Task goal =>
Reproduce the data below verbatim from the line containing "theory Defs" through its final line, and produce nothing more.

**** Excerpted data ****

(* In symmetric private information retrieval with $N=2$ databases and $K=3$ messages of length $L=1$, with upload cost $U=4$, the optimal total communication cost $U+D$ is $4+2=6$, and the minimal amount of required common randomness is $H(\mathcal{R})=1$.
   Context: SPIR setting: each of $N$ non-colluding databases stores the same $K$ i.i.d. messages $W_1,\dots,W_K$, each consisting of $L$ i.i.d. uniform symbols from a sufficiently large finite field $\mathbb{F}_q$ (entropies in $q$-ary units, $H(W_k)=L$). The user wants $W_k$ with private randomness $\mathcal{F}$; the databases share common randomness $\mathcal{R}$, with $I(W_{1:K};k,\mathcal{F},\mathcal{R})=0$. Queries $Q_n^{[k]}$ are deterministic functions of $\mathcal{F}$; answers satisfy $H(A_n^{[k]}\mid Q_n^{[k]},W_{1:K},\mathcal{R})=0$. Achievability requires reliability $H(W_k\mid\mathcal{F},A_{1:N}^{[k]})=0$; user privacy: for all $n$ and $k'\neq k$, $(Q_n^{[k]},A_n^{[k]},W_{1:K},\mathcal{R})\sim(Q_n^{[k']},A_n^{[k']},W_{1:K},\mathcal{R})$; database privacy $I(W_{\bar k};\mathcal{F},A_{1:N}^{[k]})=0$ with $W_{\bar k}=\{W_j:j\neq k\}$. Upload cost $U$: total number of bits sent from user to databases ($U=4$ when each of the two queries takes one of 4 values). Download cost $D$: total size of the answers (in the same units as $L$). Total communication cost is $U+D$. *)

theory Defs
  imports "HOL-Probability.Probability" "HOL-Library.Numeral_Type"
begin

****

Exercise response =>
theory Defs
  imports "HOL-Probability.Probability" "HOL-Library.Numeral_Type"
begin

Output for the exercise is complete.